I'm having issues figuring out how to solve this problem without using recursion (I'm not sure how to solve things recursively). Its a program that determines the winner of a Tideman election and I'm getting the "skips middle pair" error. I've adjusted my approach multiple times and have come up with this idea:
// Lock pairs into the candidate graph in order, without creating cycles
void lock_pairs(void)
{
//Going through each pair and determining if it can be locked.

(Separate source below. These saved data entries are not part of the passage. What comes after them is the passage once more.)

lemma pieces_index_unique:
  assumes "p \<in> R n" "p \<in> R' k" "R \<in> {regA, regB, regC}" "R' \<in> {regA, regB, regC}"
  shows "k = n"
proof -
  obtain x y z where "p = (x, y, z)" by (cases p)
  with assms show ?thesis using pieces_index[of x y z n] pieces_index[of x y z k] by auto
qed

lemma regA_regB_disjoint: "p \<in> regA n \<Longrightarrow> p \<notin> regB k"
  using pieces_index_unique[of p regA n regB k] by (cases p) (auto simp: regA_def regB_def)

lemma regA_regC_disjoint: "p \<in> regA n \<Longrightarrow> p \<notin> regC k"
  using pieces_index_unique[of p regA n regC k] by (cases p) (auto simp: regA_def regC_def)

lemma regB_regC_disjoint: "p \<in> regB n \<Longrightarrow> p \<notin> regC k"
  using pieces_index_unique[of p regB n regC k] by (cases p) (auto simp: regB_def regC_def)

lemma some_piece_index:
  assumes "n \<ge> 1" "p \<in> R n" "R \<in> {regA, regB, regC}"
  shows "(SOME k. k \<ge> 1 \<and> p \<in> R k) = n"
proof (rule some_equality)
  fix k assume "k \<ge> 1 \<and> p \<in> R k"
  then show "k = n" using pieces_index_unique[of p R n R k] assms(2,3) by blast
qed (use assms in simp)

lemma gaussG_regA:
  assumes "n \<ge> 1" "(x, y, z) \<in> regA n"
  shows "gaussG (x, y, z) = (1/x - real n, y/x, z/x)"
proof -
  have "0 < x" using assms pieces_pos by blast
  then show ?thesis
    using assms some_piece_index[of n _ regA, OF assms] unfolding gaussG_def by (auto simp: Let_def)
qed

lemma gaussG_regB:
  assumes "n \<ge> 1" "(x, y, z) \<in> regB n"
  shows "gaussG (x, y, z) = ((1-y)/x - real n + 1, (x-y+z)/x, (x-y)/x)"
proof -
  have "0 < x" using assms pieces_pos by blast
  moreover have "\<not> (\<exists>k\<ge>1. (x, y, z) \<in> regA k)" using assms regA_regB_disjoint by blast
  ultimately show ?thesis
    using assms some_piece_index[of n _ regB, OF assms] unfolding gaussG_def by (auto simp: Let_def)
qed

lemma gaussG_regC:
  assumes "n \<ge> 1" "(x, y, z) \<in> regC n"
  shows "gaussG (x, y, z) = ((1-z)/x - real n + 1, (x-z)/x, (y-z)/x)"
proof -
  have "0 < x" using assms pieces_pos by blast
  moreover have "\<not> (\<exists>k\<ge>1. (x, y, z) \<in> regA k)" using assms regA_regC_disjoint by blast
  moreover have "\<not> (\<exists>k\<ge>1. (x, y, z) \<in> regB k)" using assms regB_regC_disjoint by blast
  ultimately show ?thesis
    using assms some_piece_index[of n _ regC, OF assms] unfolding gaussG_def by (auto simp: Let_def)
qed

lemma ptype_TypeA_E:
  assumes "ptype p = TypeA" obtains n where "n \<ge> 1" "p \<in> regA n"
  using assms unfolding ptype_def by (auto split: if_splits)

lemma ptype_TypeB_E:
  assumes "ptype p = TypeB" obtains n where "n \<ge> 1" "p \<in> regB n"
  using assms unfolding ptype_def by (auto split: if_splits)

lemma ptype_TypeC_E:
  assumes "ptype p = TypeC" obtains n where "n \<ge> 1" "p \<in> regC n"
  using assms unfolding ptype_def by (auto split: if_splits)

lemma ptype_not_TypeO:
  assumes "ptype (x, y, z) \<noteq> TypeO"
  shows "0 \<le> z \<and> z \<le> y"
proof -
  obtain n where n: "(x, y, z) \<in> regA n \<union> regB n \<union> regC n"
    using assms unfolding ptype_def by (auto split: if_splits)
  with pieces_index_bounds(1)[OF n] show ?thesis
    by (auto simp: regA_def regB_def regC_def)
qed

for (int i = 0; i < pair_count; i++)
{
locked[pairs[i].winner][pairs[i].loser] = true;
if (canilock(candidate_count))
{
locked[pairs[i].winner][pairs[i].loser] = false;
}
}
return;
}
bool canilock(int k)
{
//creating an int r that I will increment every time there is a unique locked winner
//creating an array of bools that is true when candidate k is a winner at least once
int r = 0;
bool edge[k];
for (int i = 0; i < k; i++)
{
edge[i] = false;
}
for (int i = 0; i < k; i++)
{
for (int j = 0; j < k; j++)
{
if (locked[i][j] == true)
{
edge[i] = true;
}
}
}
for (int i = 0; i < k; i++)
{
if (edge[i] == true)
{
r++;
}
}
//if the number of unique winners is equal to the number of candidates then there is a loop by definition
if (r == k)
{
return true;
}
return false;
}
Not sure why this would skip middle pair. Does this problem want the program to work such that there is never a loop even if the loop doesn't change the winner? For instance, if there are 5 candidates and 3 of them are somehow in a loop, but the source/winner is not. Does the problem call for even the submatrix to be unlooped? If so, how do I do that?